End-to-end: take a trained ONNX tracking policy, load it into the in-process humanoid_control::RLPolicyController (this stack is the System 0 real-time layer), and watch the arms follow a LeRobot teleop dataset under MuJoCo physics. By the end you'll know what the launch-time prepare step produces, how the ONNX metadata schema makes everything self-describing, and how to swap in your own policy without rewriting any YAML.

Time + materials

20 minutes
A working workspace build
One of: a local .onnx checkpoint, OR W&B credentials with access to a tracking run, OR access to the canonical Lite-tracking checkpoint (see policy_runner reference for the resolution path)
Network access for the first run (pulls the LeRobot dataset from the HF Hub if you're using the W&B path)

The mental model

There is no separate policy process.

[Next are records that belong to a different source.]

lemma alternating_sum_choose_choose:
  assumes "m \<le> N"
  shows "(\<Sum>j=k..N. (-1)^(j-k) * of_nat (j choose k) * of_nat (m choose j))
           = (of_bool (m = k) :: 'a::comm_ring_1)"
proof (cases "k \<le> m")
  case False
  then show ?thesis by (auto intro!: sum.neutral simp: binomial_eq_0)
next
  case True
  have "(\<Sum>j=k..N. (-1)^(j-k) * of_nat (j choose k) * of_nat (m choose j))
      = (\<Sum>j=k..m. (-1)^(j-k) * of_nat (j choose k) * (of_nat (m choose j) :: 'a))"
    using assms by (intro sum.mono_neutral_right) (auto simp: binomial_eq_0)
  also have "\<dots> = (\<Sum>j=k..m. (-1)^(j-k) * of_nat (m choose k) * of_nat ((m - k) choose (j - k)))"
  proof (rule sum.cong[OF refl])
    fix j assume "j \<in> {k..m}"
    then have "(m choose j) * (j choose k) = (m choose k) * ((m - k) choose (j - k))"
      by (intro choose_mult) auto
    then show "(-1)^(j-k) * of_nat (j choose k) * of_nat (m choose j)
        = (-1)^(j-k) * of_nat (m choose k) * (of_nat ((m - k) choose (j - k)) :: 'a)"
      by (metis (no_types, lifting) mult.assoc mult.commute of_nat_mult)
  qed
  also have "\<dots> = of_nat (m choose k) * (\<Sum>i\<le>m-k. (-1)^i * of_nat ((m - k) choose i))"
    using True sum.shift_bounds_cl_nat_ivl[of
        "\<lambda>j. (-1)^(j-k) * of_nat (m choose k) * (of_nat ((m - k) choose (j - k)) :: 'a)" 0 k "m-k"]
    by (simp add: sum_distrib_left atLeast0AtMost mult_ac)
  also have "\<dots> = of_bool (m = k)"
    using choose_alternating_sum[of "m - k", where 'a='a] True by (cases "m = k") auto
  finally show ?thesis .
qed

lemma fixpt_law_altdef:
  "fixpt_law N = map_pmf (\<lambda>\<sigma>. card (fixed_points {1..N} \<sigma>)) (pmf_of_set {\<sigma>. \<sigma> permutes {1..N}})"
  unfolding fixpt_law_def fixed_points_def ..

lemma set_pmf_fixpt_law: "set_pmf (fixpt_law N) \<subseteq> {..N}"
proof -
  have ne: "{\<sigma>. \<sigma> permutes {1..N}} \<noteq> {}" and fin: "finite {\<sigma>. \<sigma> permutes {1..N}}"
    using permutes_id[of "{1..N}"] by (blast, simp add: finite_permutations)
  have "card (fixed_points {1..N} \<sigma>) \<le> N" for \<sigma>
    using card_mono[OF _ fixed_points_subset, of "{1..N}"] by simp
  then show ?thesis
    unfolding fixpt_law_altdef set_map_pmf set_pmf_of_set[OF ne fin] by auto
qed

lemma pmf_fixpt_law_sum:
  "pmf (fixpt_law N) k = (\<Sum>j=k..N. (-1)^(j-k) * real (j choose k) / fact j)"
proof -
  let ?P = "{\<sigma>. \<sigma> permutes {1..N}}" and ?X = "\<lambda>\<sigma>. card (fixed_points {1..N} \<sigma>)"
  have P: "finite ?P" "?P \<noteq> {}" "card ?P = fact N"
    using permutes_id[of "{1..N}"] by (simp add: finite_permutations, blast, simp add: card_permutations)
  have X: "?X \<sigma> \<le> N" for \<sigma>
    using card_mono[OF _ fixed_points_subset, of "{1..N}"] by simp
  have "pmf (fixpt_law N) k = (\<Sum>\<sigma>\<in>?P. of_bool (?X \<sigma> = k)) / fact N"
    using P by (simp add: fixpt_law_altdef pmf_map measure_pmf_of_set sum.inter_filter Int_def vimage_def)
  also have "(\<Sum>\<sigma>\<in>?P. of_bool (?X \<sigma> = k))
      = (\<Sum>\<sigma>\<in>?P. \<Sum>j=k..N. (-1)^(j-k) * real (j choose k) * real (?X \<sigma> choose j))"
    by (intro sum.cong refl) (rule alternating_sum_choose_choose[OF X, symmetric])
  also have "\<dots> = (\<Sum>j=k..N. (-1)^(j-k) * real (j choose k) * (\<Sum>\<sigma>\<in>?P. real (?X \<sigma> choose j)))"
    unfolding sum_distrib_left by (rule sum.swap)
  also have "\<dots> = (\<Sum>j=k..N. (-1)^(j-k) * real (j choose k) * (fact N / fact j))"
  proof (rule sum.cong[OF refl])
    fix j assume "j \<in> {k..N}"
    then have "(\<Sum>\<sigma>\<in>?P. real (?X \<sigma> choose j)) = real (N choose j) * fact (N - j)"
      using sum_permutes_card_fixed_points_choose[of "{1..N}" j]
      by (simp flip: of_nat_sum)
    also have "\<dots> = fact N / fact j"
      using \<open>j \<in> {k..N}\<close> by (simp add: binomial_fact)
    finally show "(-1)^(j-k) * real (j choose k) * (\<Sum>\<sigma>\<in>?P. real (?X \<sigma> choose j))
        = (-1)^(j-k) * real (j choose k) * (fact N / fact j)" by simp
  qed
  finally show ?thesis by (simp add: sum_divide_distrib)
qed

lemma pmf_fixpt_law:
  assumes "k \<le> N"
  shows "pmf (fixpt_law N) k = (\<Sum>i<N-k+1. (-1)^i / fact i) / fact k"
proof -
  have "pmf (fixpt_law N) k = (\<Sum>i=0..N-k. (-1)^i * real ((i+k) choose k) / fact (i+k))"
    using sum.shift_bounds_cl_nat_ivl[of "\<lambda>j. (-1)^(j-k) * real (j choose k) / fact j" 0 k "N-k"] assms
    by (simp add: pmf_fixpt_law_sum)
  also have "\<dots> = (\<Sum>i=0..N-k. (-1)^i / fact i / fact k)"
    by (intro sum.cong refl) (simp add: binomial_fact field_simps)
  finally show ?thesis
    by (simp add: sum_divide_distrib atLeast0AtMost lessThan_Suc_atMost)
qed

A launch-time prepare step turns the checkpoint into artifacts, and the controller does inference itself, inside the RT cycle:

   launch-time, once:
   ┌──────────────────────┐
   │ humanoid_control_policy prepare    │   (CLI, humanoid_control_policy — non-real-time)
   │   - resolve ONNX      │
   │     (local / W&B)     │
   │   - LeRobot motion    │
   │     → single-episode  │
   │     .mcap motion bag  │
   │   - emit overlay from  │
   │     ONNX metadata     │
   └──────────┬───────────┘
              │ rl_policy_params.yaml (+ .onnx + .mcap)
              ▼
   ┌──────────────────────┐
   │ RLPolicyController    │  (C++, humanoid_controllers — System 0, in-process)
   │   each RT tick:       │
   │   - pack observation  │
   │   - run ONNX inference│
   │   - read .mcap motion │
   │     reference         │
   │   - decode + scatter  │
   │     the action        │
   └──────────┬───────────┘
              │ 5 MIT command interfaces per joint
              ▼
   ┌──────────────────────┐
   │ MujocoSystem          │  (or RobstrideSystem)
   │   - apply τ = K·err   │
   │     + D·erṙ + ff      │
   └──────────────────────┘

The policy itself is self-describing: every constant it needs (joint order, K_p, K_d, default pose, action scale, observation terms, dataset id, tick rate) is baked into the ONNX's custom_metadata_map. prepare transcodes that metadata into the overlay, so the ONNX stays the single source of truth — you don't write any of this into YAML.

Step 1 — Bring up MuJoCo

The same launch as the previous tutorial, no gamepad needed:

ros2 launch humanoid_bringup_lite mujoco.launch.py

Wait for zero_torque_controller to come active.

Step 2 — Walk to STANDBY

rl_policy_controller expects the arms in a sane starting pose. Walk the FSM up to STANDBY. In a second terminal, drop into the env:

cd humanoid_control_ws
pixi shell

Then drive the FSM through mode_manager's trigger services (the same transitions the gamepad would fire):

# Gamepad equivalents, if you have one:
#   X    → DAMP
#   L1+A → LOAD_A (STANDBY, Pose A); wait ~4 s for is_finished:true
#   L1+B → LOAD_B (STANDBY, Pose B) — an alternate pose; either pose
#          can start either policy
#
ros2 service call /humanoid_control/mode/damp std_srvs/srv/Trigger
ros2 service call /humanoid_control/mode/load_a std_srvs/srv/Trigger

# Wait for is_finished:
ros2 topic echo /standby_controller_a/state
# ... is_finished: true

Step 3 — Prepare and load the policy

In a third terminal:

# Option (a): local ONNX
ros2 launch humanoid_control_policy lite_policy.launch.py \
    checkpoint_file:=/path/to/policy.onnx

# Option (b): W&B run path (downloads + caches to ~/.cache/humanoid_control_policy/wandb/)
ros2 launch humanoid_control_policy lite_policy.launch.py \
    wandb_run_path:=IsaacLab-Training/mjlab/<run_id>

# Option (c): W&B run with a specific checkpoint pinned
ros2 launch humanoid_control_policy lite_policy.launch.py \
    wandb_run_path:=IsaacLab-Training/mjlab/<run_id> \
    wandb_checkpoint_name:=model_4000.onnx

The task family is selected by the ONNX task_type metadata — there is no task:= argument. (lite_tracking.launch.py is kept as a thin pass-through alias for the launch-policy-tracking pixi task.)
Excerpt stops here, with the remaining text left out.